Multisite Study of Evoked Potentials in Rett Syndrome.


Saby JN(1), Benke TA(2), Peters SU(3), Standridge SM(4), Matsuzaki J(1), Cutri-French C(5), Swanson LC(6), Lieberman DN(6), Key AP(7), Percy AK(8), Neul JL(3), Nelson CA(9)(10), Roberts TPL(1), Marsh ED(5).
Author information:
(1)Division of Radiology Research, Children's Hospital of Philadelphia, Philadelphia, PA.
(2)Department of Pediatrics, Neurology, Pharmacology and Otolaryngology, University of Colorado School of Medicine and Children's Hospital Colorado, Aurora, CO.
(3)Department of Pediatrics, Vanderbilt University Medical Center, Vanderbilt Kennedy Center, Nashville, TN.

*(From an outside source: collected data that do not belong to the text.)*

(* Let $A\subset\mathbb{R}^n$ be a set-germ at $0$ with $0\in\overline{A}$, and let $h:(\mathbb{R}^n,0)\to(\mathbb{R}^n,0)$ be a bi-Lipschitz homeomorphism (germ). Then $D(h(A))\subset D(h(LD(A)))$. Moreover, if $A$ satisfies condition $(SSP)$, then $D(h(A))=D(h(LD(A)))$.
   Context: A bi-Lipschitz homeomorphism germ is a homeomorphism between neighbourhoods of $0$ fixing $0$ with $K_1|x-y|\le|h(x)-h(y)|\le K_2|x-y|$ for some $0<K_1\le K_2$ near $0$. Direction set: $D(X)=\{a\in S^{n-1} : \exists\, \{x_i\}\subset X\setminus\{0\},\ x_i\to 0,\ x_i/\|x_i\|\to a\}$; $LD(A)=\{ta : a\in D(A),\ t\ge0\}$. A set-germ $X$ with $0\in\overline{X}$ satisfies condition $(SSP)$ if for every sequence $\{a_m\}\subset\mathbb{R}^n$ with $a_m\to0$ and $\lim a_m/\|a_m\|\in D(X)$ there is a sequence $\{b_m\}\subset X$ with $\|a_m-b_m\|/\|a_m\|\to0$ and $\|a_m-b_m\|/\|b_m\|\to0$. *)

theory Defs
  imports "HOL-Analysis.Analysis"
begin

definition dirset :: "'a::euclidean_space set \<Rightarrow> 'a set" where
  "dirset X = {a. norm a = 1 \<and> (\<exists>x::nat \<Rightarrow> 'a. (\<forall>i. x i \<in> X - {0}) \<and>
      x \<longlonglongrightarrow> 0 \<and> (\<lambda>i. x i /\<^sub>R norm (x i)) \<longlonglongrightarrow> a)}"

definition LD :: "'a::euclidean_space set \<Rightarrow> 'a set" where
  "LD A = {t *\<^sub>R a | t a. a \<in> dirset A \<and> t \<ge> 0}"

text \<open>h restricted to the open neighbourhood U of 0 is a bi-Lipschitz homeomorphism
  onto an open neighbourhood of 0, fixing 0 (a representative of a bi-Lipschitz
  homeomorphism germ).\<close>
definition bilip_homeo_germ :: "'a::euclidean_space set \<Rightarrow> ('a \<Rightarrow> 'a) \<Rightarrow> bool" where
  "bilip_homeo_germ U h \<longleftrightarrow> open U \<and> 0 \<in> U \<and> h 0 = 0 \<and> open (h ` U) \<and>
     (\<exists>g. homeomorphism U (h ` U) h g) \<and>
     (\<exists>K1 K2. 0 < K1 \<and> K1 \<le> K2 \<and>
        (\<forall>x\<in>U. \<forall>y\<in>U. K1 * norm (x - y) \<le> norm (h x - h y) \<and>
                          norm (h x - h y) \<le> K2 * norm (x - y)))"

definition SSP :: "'a::euclidean_space set \<Rightarrow> bool" where
  "SSP X \<longleftrightarrow> (\<forall>a::nat \<Rightarrow> 'a. a \<longlonglongrightarrow> 0 \<and>
       (\<exists>l\<in>dirset X. (\<lambda>m. a m /\<^sub>R norm (a m)) \<longlonglongrightarrow> l) \<longrightarrow>
       (\<exists>b::nat \<Rightarrow> 'a. (\<forall>m. b m \<in> X) \<and>
          (\<lambda>m. norm (a m - b m) / norm (a m)) \<longlonglongrightarrow> 0 \<and>
          (\<lambda>m. norm (a m - b m) / norm (b m)) \<longlonglongrightarrow> 0))"

end

(* A bi-Lipschitz germ h with h 0 = 0 preserves relative closeness: if |x_i - w_i| = o(|x_i|)
   then |h x_i - h w_i| = o(|h x_i|), and relatively close sequences have the same limiting
   directions. A sequence x_i in A tending to 0 is, along a subsequence whose directions converge
   to some d in D(A), relatively close to the points |x_i| d of LD(A). Conversely, the directions
   of points z_i of LD(A) lie in the compact set D(A), so along a subsequence they converge in
   D(A), and then (SSP) provides points of A relatively close to the z_i. *)

theory Submission
  imports Defs
begin

lemma norm_direction_diff_le:
  fixes u v :: "'a::real_normed_vector"
  assumes "v \<noteq> 0"
  shows "norm (u /\<^sub>R norm u - v /\<^sub>R norm v) \<le> 2 * (norm (v - u) / norm v)"
proof (cases "u = 0")
  case True
  with assms show ?thesis by simp
next
  case False
  have "u /\<^sub>R norm u - v /\<^sub>R norm v = (u - v) /\<^sub>R norm v + (1 / norm u - 1 / norm v) *\<^sub>R u"
    by (simp add: scaleR_diff_left scaleR_diff_right inverse_eq_divide)
  then have "norm (u /\<^sub>R norm u - v /\<^sub>R norm v)
      \<le> norm ((u - v) /\<^sub>R norm v) + norm ((1 / norm u - 1 / norm v) *\<^sub>R u)"
    by (metis norm_triangle_ineq)
  also have "\<dots> = norm (u - v) / norm v + \<bar>1 / norm u - 1 / norm v\<bar> * norm u"
    by (simp add: divide_inverse_commute)
  also have "\<bar>1 / norm u - 1 / norm v\<bar> * norm u = \<bar>norm v - norm u\<bar> / norm v"
    using False assms by (simp add: field_simps abs_div)
  also have "\<bar>norm v - norm u\<bar> \<le> norm (v - u)"
    by (rule norm_triangle_ineq3)
  finally show ?thesis
    using assms by (simp add: norm_minus_commute divide_right_mono add_divide_distrib[symmetric])
qed

lemma eventually_nonzero_relative_error:
  fixes x w :: "nat \<Rightarrow> 'a::real_normed_vector"
  assumes "\<forall>\<^sub>F i in sequentially. x i \<noteq> 0"
    and "(\<lambda>i. norm (x i - w i) / norm (x i)) \<longlonglongrightarrow> 0"
  shows "\<forall>\<^sub>F i in sequentially. w i \<noteq> 0"
proof -
  have "\<forall>\<^sub>F i in sequentially. norm (x i - w i) / norm (x i) < 1"
    using assms(2) by (rule order_tendstoD) simp
  with assms(1) show ?thesis
    by eventually_elim auto
qed

lemma tendsto_zero_relative_error:
  fixes x w :: "nat \<Rightarrow> 'a::real_normed_vector"
  assumes "\<forall>\<^sub>F i in sequentially. x i \<noteq> 0" and "x \<longlonglongrightarrow> 0"
    and "(\<lambda>i. norm (x i - w i) / norm (x i)) \<longlonglongrightarrow> 0"
  shows "w \<longlonglongrightarrow> 0"
proof (rule Lim_null_comparison)
  show "\<forall>\<^sub>F i in sequentially.
      norm (w i) \<le> norm (x i) + norm (x i - w i) / norm (x i) * norm (x i)"
    using assms(1)
  proof eventually_elim
    case (elim i)
    then show ?case
      using norm_triangle_sub[of "w i" "x i"] by (simp add: norm_minus_commute)
  qed
  have "(\<lambda>i. norm (x i)) \<longlonglongrightarrow> 0"
    using assms(2) by (rule tendsto_norm_zero)
  then show "(\<lambda>i. norm (x i) + norm (x i - w i) / norm (x i) * norm (x i)) \<longlonglongrightarrow> 0"
    using tendsto_add_zero tendsto_mult_zero[OF assms(3)] by blast
qed

lemma direction_tendsto_relative_error:
  fixes x w :: "nat \<Rightarrow> 'a::real_normed_vector"
  assumes "\<forall>\<^sub>F i in sequentially. x i \<noteq> 0"
    and "(\<lambda>i. norm (x i - w i) / norm (x i)) \<longlonglongrightarrow> 0"
    and "(\<lambda>i. x i /\<^sub>R norm (x i)) \<longlonglongrightarrow> a"
  shows "(\<lambda>i. w i /\<^sub>R norm (w i)) \<longlonglongrightarrow> a"
proof -
  have "(\<lambda>i. w i /\<^sub>R norm (w i) - x i /\<^sub>R norm (x i)) \<longlonglongrightarrow> 0"
  proof (rule Lim_null_comparison)
    show "\<forall>\<^sub>F i in sequentially.
        norm (w i /\<^sub>R norm (w i) - x i /\<^sub>R norm (x i)) \<le> 2 * (norm (x i - w i) / norm (x i))"
      using assms(1) by eventually_elim (rule norm_direction_diff_le)
    show "(\<lambda>i. 2 * (norm (x i - w i) / norm (x i))) \<longlonglongrightarrow> 0"
      using tendsto_mult_right_zero[OF assms(2)] .
  qed
  from tendsto_add[OF this assms(3)] show ?thesis
    by simp
qed

lemma norm_dirset: "a \<in> dirset X \<Longrightarrow> norm a = 1"
  by (simp add: dirset_def)

lemma dirset_subset_sphere: "dirset X \<subseteq> sphere 0 1"
  by (auto simp: norm_dirset)

lemma dirset_iff:
  "a \<in> dirset X \<longleftrightarrow> norm a = 1 \<and>
     (\<forall>e>0. \<exists>x\<in>X - {0}. norm x < e \<and> norm (x /\<^sub>R norm x - a) < e)"
proof
  assume "a \<in> dirset X"
  then obtain x where "norm a = 1" and x: "\<And>i. x i \<in> X - {0}" "x \<longlonglongrightarrow> 0"
      "(\<lambda>i. x i /\<^sub>R norm (x i)) \<longlonglongrightarrow> a"
    unfolding dirset_def by blast
  moreover have "\<exists>y\<in>X - {0}. norm y < e \<and> norm (y /\<^sub>R norm y - a) < e" if "e > 0" for e
  proof -
    have "\<forall>\<^sub>F i in sequentially. norm (x i) < e"
      using order_tendstoD(2)[OF tendsto_norm_zero[OF x(2)] that] .
    moreover have "\<forall>\<^sub>F i in sequentially. norm (x i /\<^sub>R norm (x i) - a) < e"
      using order_tendstoD(2)[OF tendsto_norm_zero[OF LIM_zero[OF x(3)]] that] .
    ultimately have "\<forall>\<^sub>F i in sequentially. norm (x i) < e \<and> norm (x i /\<^sub>R norm (x i) - a) < e"
      by (rule eventually_conj)
    then obtain i where "norm (x i) < e \<and> norm (x i /\<^sub>R norm (x i) - a) < e"
      using eventually_happens'[OF sequentially_bot] by blast
    with x(1) show ?thesis by blast
  qed
  ultimately show "norm a = 1 \<and> (\<forall>e>0. \<exists>x\<in>X - {0}. norm x < e \<and> norm (x /\<^sub>R norm x - a) < e)"
    by blast
next
  assume H: "norm a = 1 \<and> (\<forall>e>0. \<exists>x\<in>X - {0}. norm x < e \<and> norm (x /\<^sub>R norm x - a) < e)"
  then have "\<forall>n. \<exists>x\<in>X - {0}. norm x < 1 / Suc n \<and> norm (x /\<^sub>R norm x - a) < 1 / Suc n"
    by simp
  then obtain x where x: "\<And>n. x n \<in> X - {0}" "\<And>n. norm (x n) < 1 / Suc n"
      "\<And>n. norm (x n /\<^sub>R norm (x n) - a) < 1 / Suc n"
    by metis
  have "x \<longlonglongrightarrow> 0"
    using LIMSEQ_norm_0 x(2) by blast
  moreover have "(\<lambda>n. x n /\<^sub>R norm (x n) - a) \<longlonglongrightarrow> 0"
    by (rule LIMSEQ_norm_0) (rule x(3))
  then have "(\<lambda>n. x n /\<^sub>R norm (x n)) \<longlonglongrightarrow> a"
    using Lim_null by blast
  ultimately show "a \<in> dirset X"
    unfolding dirset_def using H x(1) by blast
qed

lemma closed_dirset: "closed (dirset X)"
  unfolding closed_sequential_limits
proof (intro allI impI, elim conjE)
  fix d and l :: 'a
  assume d: "\<forall>n. d n \<in> dirset X" and l: "d \<longlonglongrightarrow> l"
  have "l \<in> sphere 0 1"
    using d norm_dirset by (intro closed_sequentially[OF closed_sphere _ l]) auto
  moreover have "\<exists>x\<in>X - {0}. norm x < e \<and> norm (x /\<^sub>R norm x - l) < e" if "e > 0" for e
  proof -
    obtain n where n: "norm (d n - l) < e / 2"
      using LIMSEQ_D[OF l, of "e / 2"] \<open>e > 0\<close> by auto
    obtain x where x: "x \<in> X - {0}" "norm x < e / 2" "norm (x /\<^sub>R norm x - d n) < e / 2"
      using d \<open>e > 0\<close> unfolding dirset_iff by (meson half_gt_zero)
    have "norm (x /\<^sub>R norm x - l) \<le> norm (x /\<^sub>R norm x - d n) + norm (d n - l)"
      by (rule norm_diff_triangle_le) auto
    with n x(2,3) \<open>e > 0\<close> have "norm x < e" "norm (x /\<^sub>R norm x - l) < e"
      by linarith+
    with x(1) show ?thesis
      by blast
  qed
  ultimately show "l \<in> dirset X"
    unfolding dirset_iff by simp
qed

(4)Cincinnati Children's Hospital Medical Center, Division of Neurology and University of Cincinnati College of Medicine, Cincinnati, OH.
(5)Division of Child Neurology, Children's Hospital of Philadelphia, Departments of Neurology and Pediatrics, Perelman School of Medicine at the University of Pennsylvania, Philadelphia, PA.

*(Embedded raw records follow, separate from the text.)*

definition exceptional :: "'a::field poly \<Rightarrow> bool" where
  "exceptional f \<longleftrightarrow>
     (\<forall>h :: 'a poly poly. h dvd fX_minus_fY f \<and> irreducible (map_poly (map_poly to_ac) h)
        \<longrightarrow> (\<exists>c. c \<noteq> 0 \<and> h = smult [:c:] X_minus_Y))"

definition critical_values :: "'a::field poly \<Rightarrow> 'a alg_closure set" where
  "critical_values f =
     {poly (map_poly to_ac f) c | c. poly (pderiv (map_poly to_ac f)) c = 0}"

end

theory Submission
  imports Defs
begin

text \<open>
  Write \<open>f(X) - f(Y) = (X - Y) G(X, Y)\<close>. A factor \<open>Y - \<tau>(X)\<close> with \<open>\<tau>\<close> over \<open>\<bbbF>\<^sub>q\<close>
  is absolutely irreducible, so exceptionality allows only \<open>\<tau> = X\<close>; for \<open>deg f = 2\<close> the
  reflection \<open>\<tau> = -f\<^sub>1/f\<^sub>2 - X\<close> gives such a factor, and \<open>\<tau> = X\<close> forces \<open>f' = 0\<close>.
  For \<open>deg f \<in> {3, 4}\<close>, \<open>G\<close> has degree 2 or 3 in \<open>Y\<close> and is reducible over the algebraic
  closure, hence has a root \<open>Y = \<sigma>(X)\<close> there; \<open>\<sigma> \<noteq> X\<close> because \<open>G(X, X) = f'(X) \<noteq> 0\<close>.
  From \<open>f(\<sigma>) = f\<close>, \<open>\<sigma>\<close> is affine, \<open>\<sigma>(X) = c + u (X - c)\<close> with \<open>u\<^sup>n = 1\<close> and \<open>c\<close> the
  mean of the roots of \<open>f\<close> (if \<open>n \<noteq> 0\<close> in \<open>\<bbbF>\<^sub>q\<close>).
  For a cubic, \<open>c\<close> is then a double root of \<open>f'\<close> (or \<open>f'\<close> is linear in characteristic 3), so
  \<open>f\<close> has a single critical point. For a quartic in odd characteristic, \<open>\<sigma>\<close> or \<open>\<sigma>\<^sup>2\<close> is
  the reflection \<open>2c - X\<close>, which is defined over \<open>\<bbbF>\<^sub>q\<close> and so excluded; in characteristic 2,
  \<open>\<sigma>\<close> is a translation, which forces \<open>f'\<close> to be a nonzero constant.
\<close>

lemma map_poly_hom_add:
  assumes "\<And>x y. h (x + y) = h x + h y" "h 0 = 0"
  shows "map_poly h (p + q) = map_poly h p + map_poly h q"
  by (rule poly_eqI) (simp add: coeff_map_poly assms)

lemma map_poly_hom_mult:
  fixes h :: "'b::comm_semiring_1 \<Rightarrow> 'c::comm_semiring_1"
  assumes "\<And>x y. h (x + y) = h x + h y" "\<And>x y. h (x * y) = h x * h y" "h 0 = 0"
  shows "map_poly h (p * q) = map_poly h p * map_poly h q"
  by (induction p) (simp_all add: map_poly_pCons map_poly_hom_add map_poly_smult assms)

lemma map_poly_to_ac_add [simp]: "map_poly to_ac (p + q) = map_poly to_ac p + map_poly to_ac q"
  by (rule map_poly_hom_add) simp_all

lemma map_poly_to_ac_diff [simp]: "map_poly to_ac (p - q) = map_poly to_ac p - map_poly to_ac q"
  by (rule poly_eqI) (simp add: coeff_map_poly)

lemma map_poly_to_ac_mult [simp]: "map_poly to_ac (p * q) = map_poly to_ac p * map_poly to_ac q"
  by (rule map_poly_hom_mult) simp_all

lemma map_poly_to_ac_pCons [simp]: "map_poly to_ac (pCons c p) = pCons (to_ac c) (map_poly to_ac p)"
  by (simp add: map_poly_pCons)

lemma map_poly_to_ac_eq_iff [simp]: "map_poly to_ac p = map_poly to_ac q \<longleftrightarrow> p = q"
  by (metis coeff_map_poly poly_eqI to_ac_0 to_ac_eq_iff)

lemma map_poly_to_ac_eq_0_iff [simp]: "map_poly to_ac p = 0 \<longleftrightarrow> p = 0"
  using map_poly_to_ac_eq_iff [of p 0] by simp

lemma map_poly_to_ac_pderiv: "map_poly to_ac (pderiv p) = pderiv (map_poly to_ac p)"
  by (rule poly_eqI) (simp add: coeff_pderiv coeff_map_poly)

lemma degree_map_poly_to_ac [simp]: "degree (map_poly to_ac p) = degree p"
  by (simp add: degree_map_poly)

lemma separable_poly_imp_pderiv_map_poly_to_ac_neq_0:
  "separable_poly f \<Longrightarrow> pderiv (map_poly to_ac f) \<noteq> 0"
  by (simp add: separable_poly_def flip: map_poly_to_ac_pderiv)

lemma map_poly_to_ac_pcompose:
  "map_poly to_ac (pcompose p q) = pcompose (map_poly to_ac p) (map_poly to_ac q)"
  by (induction p) (simp_all add: pcompose_pCons)

lemma map_poly_map_poly_to_ac_mult:
  "map_poly (map_poly to_ac) (P * Q) = map_poly (map_poly to_ac) P * map_poly (map_poly to_ac) Q"
  by (rule map_poly_hom_mult) simp_all

lemma numeral_alg_closure_eq_0_iff:
  "(numeral k :: 'a::field alg_closure) = 0 \<longleftrightarrow> (numeral k :: 'a) = 0"
  using to_ac_eq_0_iff [of "numeral k :: 'a"] by (simp only: to_ac_numeral)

(6)Department of Neurology, Boston Children's Hospital, Boston, MA.
(7)Department of Hearing and Speech Sciences, Vanderbilt University Medical Center, Vanderbilt Kennedy Center, Nashville, TN.
(8)Department of Pediatrics, University of Alabama at Birmingham, Birmingham, AL.

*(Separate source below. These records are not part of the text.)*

lemma card_subspace_eq_power:
  fixes V :: "'a::{finite,field} set"
  shows "is_subfield R \<Longrightarrow> is_subspace R V \<Longrightarrow> \<exists>d. card V = card R ^ d"
  using subspace_has_basis by blast

lemma subspace_sum_fibre:
  assumes R: "is_subfield R" and U: "is_subspace R U" and V: "is_subspace R V"
    and uv: "u \<in> U" "v \<in> V"
  shows "{p \<in> U \<times> V. fst p + snd p = u + v} = (\<lambda>w. (u + w, v - w)) ` (U \<inter> V)"
proof (intro equalityI subsetI)
  fix p assume "p \<in> {p \<in> U \<times> V. fst p + snd p = u + v}"
  then obtain u' v' where p: "p = (u', v')" "u' \<in> U" "v' \<in> V" "u' + v' = u + v" by auto
  have "u' - u \<in> U" "v - v' \<in> V"
    using p uv by (auto intro: is_subspace_diff[OF R U] is_subspace_diff[OF R V])
  moreover have "u' - u = v - v'" using p(4) by (simp add: algebra_simps)
  ultimately have "u' - u \<in> U \<inter> V" by simp
  moreover have "p = (u + (u' - u), v - (u' - u))" using p by (simp add: algebra_simps)
  ultimately show "p \<in> (\<lambda>w. (u + w, v - w)) ` (U \<inter> V)" by blast
next
  fix p assume "p \<in> (\<lambda>w. (u + w, v - w)) ` (U \<inter> V)"
  then obtain w where w: "w \<in> U" "w \<in> V" "p = (u + w, v - w)" by blast
  have "u + w \<in> U" using U uv(1) w(1) unfolding is_subspace_def by blast
  moreover have "v - w \<in> V" using is_subspace_diff[OF R V uv(2) w(2)] .
  ultimately show "p \<in> {p \<in> U \<times> V. fst p + snd p = u + v}" using w(3) by simp
qed

lemma card_subspace_sum_mult_card_Int:
  fixes U V :: "'a::{finite,field} set"
  assumes R: "is_subfield R" and U: "is_subspace R U" and V: "is_subspace R V"
  shows "card (subspace_sum U V) * card (U \<inter> V) = card U * card V"
proof -
  define fibre where "fibre s = {p \<in> U \<times> V. fst p + snd p = s}" for s
  have fibre_card: "card (fibre s) = card (U \<inter> V)" if s: "s \<in> subspace_sum U V" for s
  proof -
    obtain u v where "u \<in> U" "v \<in> V" "s = u + v" using s unfolding subspace_sum_def by blast
    moreover have "inj_on (\<lambda>w. (u + w, v - w)) (U \<inter> V)" by (rule inj_onI) simp
    ultimately show ?thesis
      unfolding fibre_def by (simp add: subspace_sum_fibre[OF R U V] card_image)
  qed
  have "U \<times> V = (\<Union>s\<in>subspace_sum U V. fibre s)"
  proof (intro equalityI subsetI)
    fix p assume "p \<in> U \<times> V"
    then obtain u v where "p = (u, v)" "u \<in> U" "v \<in> V" by blast
    then have "u + v \<in> subspace_sum U V" "p \<in> fibre (u + v)"
      unfolding subspace_sum_def fibre_def by (blast, simp)
    then show "p \<in> (\<Union>s\<in>subspace_sum U V. fibre s)" by blast
  qed (auto simp: fibre_def)
  moreover have "card (\<Union>s\<in>subspace_sum U V. fibre s) = (\<Sum>s\<in>subspace_sum U V. card (fibre s))"
    by (rule card_UN_disjoint) (auto simp: fibre_def)
  ultimately have "card (U \<times> V) = (\<Sum>s\<in>subspace_sum U V. card (fibre s))" by simp
  also have "\<dots> = card (subspace_sum U V) * card (U \<inter> V)" by (simp add: fibre_card)
  finally show ?thesis by (simp add: card_cartesian_product)
qed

(9)Laboratories of Cognitive Neuroscience, Boston Children's Hospital, Boston, MA.
(10)Department of Pediatrics, Harvard Medical School, Boston, MA.


OBJECTIVE: The aim of the current study was to evaluate the utility of evoked potentials as a biomarker of cortical function in Rett syndrome (RTT). As a number of disease-modifying therapeutics are currently under development, there is a pressing need for biomarkers to objectively and precisely assess the effectiveness of these treatments. METHOD: Yearly visual evoked potentials (VEPs) and auditory evoked potentials (AEPs) were acquired from individuals with RTT, aged 2 to 37 years, and control participants across 5 sites as part of the Rett Syndrome and Related Disorders Natural History Study. Baseline and year 1 data, when available, were analyzed and the repeatability of the results was tested. Two syndrome-specific measures from the Natural History Study were used for evaluating the clinical relevance of the VEP and AEP parameters. RESULTS: At the baseline study, group level comparisons revealed reduced VEP and AEP amplitude in RTT compared to control participants. Further analyses within the RTT group indicated that this reduction was associated with RTT-related symptoms, with greater severity associated with lower VEP and AEP amplitude. In participants with RTT, VEP and AEP amplitude was also negatively associated with age. Year 1 follow-up data analyses yielded similar findings and evidence of repeatability of EPs at the individual level. INTERPRETATION: The present findings indicate the promise of evoked potentials (EPs) as an objective measure of disease severity in individuals with RTT. Our multisite approach demonstrates potential research and clinical applications to provide unbiased assessment of disease staging, prognosis, and response to therapy. ANN NEUROL 2021;89:790-802.